Dipa Ghedia
About Dipa Ghedia
Dipa Ghedia is a Clinical Trial Manager with extensive experience in managing clinical studies across various therapeutic areas, including Rare Diseases and Infectious Diseases. She has worked at several prominent organizations, including GlaxoSmithKline and Gilead Sciences, and currently holds a position at MeiraGTx.
Work at MeiraGTx
Dipa Ghedia has been serving as a Clinical Trial Manager at MeiraGTx since 2020. In this role, she is responsible for overseeing the planning, execution, and management of clinical trials. Her expertise contributes to the development of innovative therapies in the field of gene therapy. She has focused on ensuring compliance with regulatory requirements and facilitating effective communication among stakeholders involved in clinical research.

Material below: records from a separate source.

(* Let $B$ be a non-abelian group, $H$ a finitely generated infinite group with fixed finite generating set $X=\{x_1,\dots,x_n\}$, $W=B\wr H$, and fix $a,b\in B$ with $ab\ne ba$. For $S\subseteq H$ define $\bar a,\bar b_S\in B^H$ by $\bar a(1)=a$, $\bar a(x)=1$ for $x\neq1$, and $\bar b_S(x)=b$ for $x\in S$, $\bar b_S(x)=1$ for $x\notin S$; let $G_S\le W$ be generated by $H,\bar a,\bar b_S$ and $Y_S=(x_1,\dots,x_n,\bar a,\bar b_S)$. Let $\xi:2^H\to\mathcal G$, $\xi(S)=(G_S,Y_S)$. Then the restriction of $\xi$ to the subspace $D_R(H)$ of $2^H$ is continuous.
   Context: $B^H$ is the group of all functions $H\to B$ with pointwise multiplication; $B\wr H=B^H\rtimes H$ with $(hfh^{-1})(x)=f(h^{-1}x)$. $2^H$ is the space of all subsets of $H$ with the product topology; $D_R(H)$ is the set of $S\subseteq H$ whose orbit $\{Sh:h\in H\}$ under right multiplication is dense in $2^H$. Space of marked groups: for $m\in\mathbb N$, $\mathcal G_m$ is the set of pairs $(G,A)$, $G$ a group and $A=(a_1,\dots,a_m)$ an ordered generating tuple, modulo $(G,(a_i))\approx(G',(a'_i))$ iff $a_i\mapsto a'_i$ extends to an isomorphism. $(G,A)\approx_r(G',A')$ means there is a labeled directed graph isomorphism between the radius-$r$ balls about the identity in the Cayley graphs, sending $a_i$-edges to $a'_i$-edges. The topology on $\mathcal G_m$ has basis $\{(G',A')\in\mathcal G_m:(G',A')\approx_r(G,A)\}$, $r\in\mathbb N$; $\mathcal G_m\subseteq\mathcal G_{m+1}$ via $(G,(a_1,\dots,a_m))\mapsto(G,(a_1,\dots,a_m,1))$, and $\mathcal G=\bigcup_m\mathcal G_m$ carries the union topology. *)

theory Defs
  imports "HOL-Algebra.Algebra" "HOL-Library.FuncSet"
begin

text \<open>The product is (f,h)(g,k) = (f * (h.g), hk) with (h.g)(x) = g(h^-1 x),
  i.e. the conjugation action h f h^-1 (x) = f(h^-1 x).\<close>

definition wreath :: "('b, 'c) monoid_scheme \<Rightarrow> ('h, 'd) monoid_scheme \<Rightarrow> (('h \<Rightarrow> 'b) \<times> 'h) monoid"
  where "wreath B H =
    \<lparr> carrier = (carrier H \<rightarrow>\<^sub>E carrier B) \<times> carrier H,
      monoid.mult = (\<lambda>(f, h) (g, k). (\<lambda>x\<in>carrier H. f x \<otimes>\<^bsub>B\<^esub> g (inv\<^bsub>H\<^esub> h \<otimes>\<^bsub>H\<^esub> x), h \<otimes>\<^bsub>H\<^esub> k)),
      monoid.one = (\<lambda>x\<in>carrier H. \<one>\<^bsub>B\<^esub>, \<one>\<^bsub>H\<^esub>) \<rparr>"

definition wr_emb :: "('b, 'c) monoid_scheme \<Rightarrow> ('h, 'd) monoid_scheme \<Rightarrow> 'h \<Rightarrow> ('h \<Rightarrow> 'b) \<times> 'h"
  where "wr_emb B H h = (\<lambda>x\<in>carrier H. \<one>\<^bsub>B\<^esub>, h)"

definition abar :: "('b, 'c) monoid_scheme \<Rightarrow> ('h, 'd) monoid_scheme \<Rightarrow> 'b \<Rightarrow> ('h \<Rightarrow> 'b) \<times> 'h"
  where "abar B H a = (\<lambda>x\<in>carrier H. if x = \<one>\<^bsub>H\<^esub> then a else \<one>\<^bsub>B\<^esub>, \<one>\<^bsub>H\<^esub>)"

definition bbar :: "('b, 'c) monoid_scheme \<Rightarrow> ('h, 'd) monoid_scheme \<Rightarrow> 'b \<Rightarrow> 'h set \<Rightarrow> ('h \<Rightarrow> 'b) \<times> 'h"
  where "bbar B H b S = (\<lambda>x\<in>carrier H. if x \<in> S then b else \<one>\<^bsub>B\<^esub>, \<one>\<^bsub>H\<^esub>)"

definition Gsub :: "('b, 'c) monoid_scheme \<Rightarrow> ('h, 'd) monoid_scheme \<Rightarrow> 'b \<Rightarrow> 'b \<Rightarrow> 'h set
    \<Rightarrow> (('h \<Rightarrow> 'b) \<times> 'h) monoid"
  where "Gsub B H a b S = (wreath B H)\<lparr> carrier :=
     generate (wreath B H) (wr_emb B H ` carrier H \<union> {abar B H a, bbar B H b S}) \<rparr>"

definition Ymark :: "('b, 'c) monoid_scheme \<Rightarrow> ('h, 'd) monoid_scheme \<Rightarrow> 'h list \<Rightarrow> 'b \<Rightarrow> 'b \<Rightarrow> 'h set
    \<Rightarrow> (('h \<Rightarrow> 'b) \<times> 'h) list"
  where "Ymark B H xs a b S = map (wr_emb B H) xs @ [abar B H a, bbar B H b S]"

fun cayley_ball :: "('g, 'e) monoid_scheme \<Rightarrow> 'g list \<Rightarrow> nat \<Rightarrow> 'g set" where
  "cayley_ball G A 0 = {\<one>\<^bsub>G\<^esub>}"
| "cayley_ball G A (Suc r) = cayley_ball G A r \<union>
     {u \<otimes>\<^bsub>G\<^esub> s | u s. u \<in> cayley_ball G A r \<and> (s \<in> set A \<or> s \<in> m_inv G ` set A)}"

definition marked_ball_iso ::
  "('g, 'e) monoid_scheme \<Rightarrow> 'g list \<Rightarrow> ('k, 'l) monoid_scheme \<Rightarrow> 'k list \<Rightarrow> nat \<Rightarrow> bool"
  where "marked_ball_iso G A G' A' r \<longleftrightarrow>
     length A = length A' \<and>
     (\<exists>\<phi>. bij_betw \<phi> (cayley_ball G A r) (cayley_ball G' A' r) \<and>
          \<phi> \<one>\<^bsub>G\<^esub> = \<one>\<^bsub>G'\<^esub> \<and>
          (\<forall>u\<in>cayley_ball G A r. \<forall>v\<in>cayley_ball G A r. \<forall>i<length A.
              v = u \<otimes>\<^bsub>G\<^esub> (A ! i) \<longleftrightarrow> \<phi> v = \<phi> u \<otimes>\<^bsub>G'\<^esub> (A' ! i)))"

text \<open>2^H carries the product topology; the basic open sets are
  {S'. S' \<inter> F = T \<inter> F} for finite F \<subseteq> H.  S \<in> D_R(H) iff the orbit {Sh} meets every
  nonempty basic open set.\<close>
definition D_R :: "('h, 'd) monoid_scheme \<Rightarrow> 'h set set" where
  "D_R H = {S. S \<subseteq> carrier H \<and>
     (\<forall>T F. T \<subseteq> carrier H \<longrightarrow> finite F \<longrightarrow> F \<subseteq> carrier H \<longrightarrow>
        (\<exists>h\<in>carrier H. (S #>\<^bsub>H\<^esub> h) \<inter> F = T \<inter> F))}"

end

theory Submission
  imports Defs
begin

text \<open>Evaluating a word of length at most \<open>N\<close> on the marking \<open>Y\<^sub>S\<close> gives an element
  \<open>(f, h)\<close> of \<open>B wr H\<close> whose \<open>H\<close>-coordinate does not depend on \<open>S\<close>, and whose lamp \<open>f x\<close>
  is determined by how \<open>x\<close> looks from the finitely many positions \<open>p\<close> visited by the word:
  whether \<open>p\<inverse> x = 1\<close> and whether \<open>p\<inverse> x \<in> S\<close>.  Let \<open>S, S'\<close> in \<open>D\<^sub>R(H)\<close> agree on the
  finite window \<open>P\<inverse> P\<close> of such positions.  Then every \<open>x\<close> has a counterpart \<open>x'\<close> that looks
  from \<open>P\<close> through \<open>S\<close> exactly as \<open>x\<close> does through \<open>S'\<close>: for \<open>x \<in> P\<close> take \<open>x' = x\<close>;
  otherwise the dense orbit of \<open>S\<close> contains a translate \<open>S h\<close> with prescribed trace on \<open>P\<inverse>\<close>,
  and as \<open>H\<close> is infinite, \<open>h\<close> can be chosen outside \<open>P\<inverse>\<close>, so \<open>x' = h\<inverse>\<close> works.  Hence
  the same pairs of words of length at most \<open>r + 1\<close> are equal for \<open>Y\<^sub>S\<close> and for \<open>Y\<^bsub>S'\<^esub>\<close>,
  which yields the isomorphism of the balls of radius \<open>r\<close>.\<close>

section \<open>Words and balls in Cayley graphs\<close>

definition word_letter :: "('g, 'e) monoid_scheme \<Rightarrow> 'g list \<Rightarrow> nat \<times> bool \<Rightarrow> 'g" where
  "word_letter G A l = (if snd l then A ! fst l else inv\<^bsub>G\<^esub> (A ! fst l))"

definition word_eval :: "('g, 'e) monoid_scheme \<Rightarrow> 'g list \<Rightarrow> (nat \<times> bool) list \<Rightarrow> 'g" where
  "word_eval G A w = foldl (\<lambda>u l. u \<otimes>\<^bsub>G\<^esub> word_letter G A l) \<one>\<^bsub>G\<^esub> w"

definition words :: "nat \<Rightarrow> nat \<Rightarrow> (nat \<times> bool) list set" where
  "words n r = {w. length w \<le> r \<and> (\<forall>l\<in>set w. fst l < n)}"

lemma word_eval_Nil [simp]: "word_eval G A [] = \<one>\<^bsub>G\<^esub>"
  by (simp add: word_eval_def)

lemma word_eval_snoc [simp]: "word_eval G A (w @ [l]) = word_eval G A w \<otimes>\<^bsub>G\<^esub> word_letter G A l"
  by (simp add: word_eval_def)

lemma finite_words: "finite (words n r)"
proof (rule finite_subset)
  show "words n r \<subseteq> {w. set w \<subseteq> {..<n} \<times> UNIV \<and> length w \<le> r}"
    by (auto simp: words_def)
qed (simp add: finite_lists_length_le)

lemma words_mono: "r \<le> s \<Longrightarrow> words n r \<subseteq> words n s"
  by (auto simp: words_def)

lemma words_snoc: "w \<in> words n r \<Longrightarrow> i < n \<Longrightarrow> w @ [(i, e)] \<in> words n (Suc r)"
  by (auto simp: words_def)

lemma words_prefix: "u @ v \<in> words n r \<Longrightarrow> u \<in> words n r"
  by (auto simp: words_def)

lemma words_Suc:
  "words n (Suc r) = words n r \<union> {w @ [l] | w l. w \<in> words n r \<and> fst l < n}"
proof -
  have "w \<in> words n r \<or> (\<exists>v l. w = v @ [l] \<and> v \<in> words n r \<and> fst l < n)"
    if "w \<in> words n (Suc r)" for w
    using that by (cases w rule: rev_cases) (auto simp: words_def)
  then show ?thesis by (auto simp: words_def)
qed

Previous Experience in Clinical Trials
Before joining MeiraGTx, Dipa Ghedia held various positions in clinical trial management. She worked at GlaxoSmithKline Pharma GmbH as a Clinical Study Specialist from 2017 to 2019, where she gained valuable experience in clinical study operations. Following this, she was employed at Gilead Sciences as a Clinical Trials Management Associate in London from 2019 to 2020. Additionally, she worked at Royal Free London NHS Foundation Trust as a Clinical Trial Practitioner from 2016 to 2017 and held roles as a Clinical Trial Administrator and Clinical Trial Technician between 2011 and 2016.
Education and Expertise
Dipa Ghedia earned her Bachelor of Science degree in Biomedical Science from Kingston University, completing her studies from 2005 to 2008. Her educational background provides her with a solid foundation in the biological sciences, which is essential for her work in clinical trials. She possesses expertise in managing both observational and interventional clinical studies, with a focus on patient recruitment and engagement.
Therapeutic Areas of Experience
Dipa Ghedia has extensive experience in various therapeutic areas, including Rare Diseases, Infectious Diseases, Inflammation, and Respiratory conditions. Her work spans both sponsor and NHS site levels, allowing her to understand the complexities of clinical trials from multiple perspectives. This breadth of experience enhances her ability to manage diverse clinical studies effectively.